Study double life for Rugby Sevens world champ

Monday 3 July 2017

Being on the world-beating Black Ferns Sevens women's rugby team has taught Massey University psychology student Tayla Reti how to keep her eye on the ball in both sporting and scholarly spheres.

Study double life for Rugby Sevens world champ  - image1

Psychology student Tayla Reti (third from left, back row) with the world-dominating Black Ferns Sevens women's rugby team.

Last updated: Tuesday 7 June 2022

Being on the world-beating Black Ferns Sevens women’s rugby team has taught Massey University psychology student Tayla Reti how to keep her eye on the ball in both sporting and scholarly spheres.

She arrived back in New Zealand last Wednesday following the team’s triumph at the World Series in Clermont, France, where they beat Australia 22-7 in the final of their last tournament of the year.

“Every single game of that tournament was so intense!” Ms Reti says. “The girls brought a heap of intensity and determination to each game, and the final was no different.”

She was a reserve for the final, but didn't get time on the field.

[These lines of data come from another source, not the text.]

lemma sabban_frame_of_unit_speed_spherical_curve:
  fixes \<sigma> :: "real \<Rightarrow> real^3"
  assumes I: "open I" and smooth: "smooth_on I \<sigma>"
    and unit: "\<forall>s\<in>I. norm (\<sigma> s) = 1" and unit_speed: "\<forall>s\<in>I. norm (vector_derivative \<sigma> (at s)) = 1"
  obtains \<kappa> \<kappa>' \<kappa>'' \<kappa>''' where
    "sabban_frame I \<sigma> (vderiv 1 \<sigma>) (\<lambda>s. cross3 (\<sigma> s) (vderiv 1 \<sigma> s)) \<kappa> \<kappa>' \<kappa>'' \<kappa>'''"
proof -
  define S where "S n = vderiv n \<sigma>" for n
  define N where "N = (\<lambda>s. cross3 (S 0 s) (S 1 s))"
  \<comment> \<open>Leibniz towers of the derivatives of \<open>N = \<sigma> \<times> \<sigma>'\<close> and of the geodesic curvature \<open>\<kappa> = \<sigma>'' \<bullet> N\<close>.\<close>
  define NT where "NT n s = (\<Sum>j\<le>n. of_nat (n choose j) *\<^sub>R cross3 (S j s) (S (n - j + 1) s))" for n s
  define K where "K n s = (\<Sum>j\<le>n. of_nat (n choose j) *\<^sub>R (S (j + 2) s \<bullet> NT (n - j) s))" for n s
  have S: "derivative_tower I S"
    using smooth unfolding S_def smooth_on_iff_derivative_tower .
  have NT: "derivative_tower I NT"
    unfolding NT_def using derivative_tower_bilinear[OF bounded_bilinear_cross S derivative_tower_shift[OF S]] .
  have K: "derivative_tower I K"
    unfolding K_def using derivative_tower_bilinear[OF bounded_bilinear_inner derivative_tower_shift[OF S] NT] .
  have S0: "S 0 = \<sigma>" and S1: "S 1 = vderiv 1 \<sigma>" by (simp_all add: S_def)
  have unit_S: "S 0 s \<bullet> S 0 s = 1" "S 1 s \<bullet> S 1 s = 1" if "s \<in> I" for s
    using unit unit_speed that by (simp_all add: S_def One_nat_def dot_square_norm)
  have inner_S: "S 0 s \<bullet> S 1 s = 0" "S 1 s \<bullet> S 2 s = 0" "S 0 s \<bullet> S 2 s = -1" if "s \<in> I" for s
    using unit_speed_spherical_tower_inner[OF I S _ _ that] unit_S by blast+
  have NT0: "NT 0 = N" by (simp add: NT_def N_def fun_eq_iff)
  have K0: "K 0 s = S 2 s \<bullet> N s" for s by (simp add: K_def NT0 numeral_2_eq_2)
  have S2: "S 2 s = K 0 s *\<^sub>R N s - S 0 s" if s: "s \<in> I" for s
    using orthonormal_cross_expansion[OF unit_S[OF s] inner_S(1)[OF s], of "S 2 s"] inner_S[OF s]
    unfolding K0 N_def by (simp add: inner_commute)
  have "NT 1 s = cross3 (S 0 s) (S 2 s)" for s
    by (simp add: NT_def numeral_2_eq_2 One_nat_def)
  then have NT1: "NT 1 s = - K 0 s *\<^sub>R S 1 s" if s: "s \<in> I" for s
    using S2[OF s] cross_cross_right[of "S 0 s" "S 0 s" "S 1 s"] unit_S[OF s] inner_S(1)[OF s]
    by (simp add: N_def cross_mult_right Cross3.right_diff_distrib)
  have deriv: "(F n has_vector_derivative F (Suc n) s) (at s)"
    if "derivative_tower I F" "s \<in> I" for F :: "nat \<Rightarrow> real \<Rightarrow> real^3" and n s
    using that unfolding derivative_tower_def by blast
  have "sabban_frame I \<sigma> (vderiv 1 \<sigma>) (\<lambda>s. cross3 (\<sigma> s) (vderiv 1 \<sigma> s)) (K 0) (K 1) (K 2) (K 3)"
  proof
    fix s assume s: "s \<in> I"
    show "(vderiv 1 \<sigma> has_vector_derivative K 0 s *\<^sub>R cross3 (\<sigma> s) (vderiv 1 \<sigma> s) - \<sigma> s) (at s)"
      using deriv[OF S s, of 1] S2[OF s] by (simp add: S_def N_def numeral_2_eq_2)
    show "((\<lambda>s. cross3 (\<sigma> s) (vderiv 1 \<sigma> s)) has_vector_derivative - K 0 s *\<^sub>R vderiv 1 \<sigma> s) (at s)"
      using deriv[OF NT s, of 0] NT1[OF s] by (simp add: NT0 N_def S_def One_nat_def)
    show "(K 0 has_field_derivative K 1 s) (at s)" "(K 1 has_field_derivative K 2 s) (at s)"
      "(K 2 has_field_derivative K 3 s) (at s)"
      using derivative_tower_field_derivative[OF K s] by (simp_all add: numeral_eq_Suc One_nat_def)
  qed (use I unit_S inner_S S0 S1 deriv[OF S, of _ 0] in \<open>auto simp: One_nat_def\<close>)
  then show thesis using that by blast
qed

She played against Ireland and Fiji in the tournament.

Ms Reti says she was able to juggle sport and study commitments throughout the tournament. “I was just doing the usual work that we have to do as part of the programme and chipping away at my thesis.

“Both [Massey] uni and the management team have been great about making both work, so I've been very lucky.”

It’s been a whirlwind few months for the 24-year-old School of Psychology honours student and representative rugby player. She’s continued her studies alongside her rapid progress through the rugby playing ranks to be selected as a reserve first-five for the Black Ferns women’s national Sevens rugby team.

Ms Reti, Ngāi Tahu, already has a BA Honours and initially started the year with thoughts of adding to her honours thesis examining links between adolescent behaviour and alcohol by starting new research toward a doctorate.

Paramedics and stress – thesis focus

She has been working with Wellington Free Ambulance as part of a thesis project examining how the trauma of the job affects ambulance officers and how physical activity can positively affect that and help the paramedics cope with the sometime harrowing demands of the job.

At the start of the academic year she had barely played a competitive game of rugby and it’s her prowess in other sports that she believes may have contributed to her speedy rise in women’s rugby.

She only started playing Sevens in February but was soon trialling for the New Zealand Rugby Union’s Go for Gold programme with other athletes who played sports other than rugby.

She credits an independent training regime involving working on ball skills, experiencing other contact sports and going to the gym “every other day” as helping to get her up to speed with some of her other longer serving teammates. “I have two brothers who are rugby mad so that helps too.”

By early March Ms Reti was representing Massey at the University Sport NZ tournament and was then picked for a tournament team that was a training squad for the New Zealand University team.

She rapidly progressed from Wellington and regional training camps to a national development team training squad. She was then chosen to join a Black Ferns Sevens training camp in Tauranga for two weeks earning selection as a travelling reserve for the HSBC Sevens tournament in Canada and France.

“It’s all pretty overwhelming. I really want to learn and you can’t learn off anyone better than the top coaches and players in New Zealand and that was my goal.”

More competition is on the horizon and Ms Reti is confident she can juggle her sporting calendar with academic commitments.

She will follow up her research into the trauma reactions of ambulance officers by writing up her findings and eventually taking an internship with organisations such as a District Health Board.

“I like the idea of my research being both clinically and scientifically based,” she says.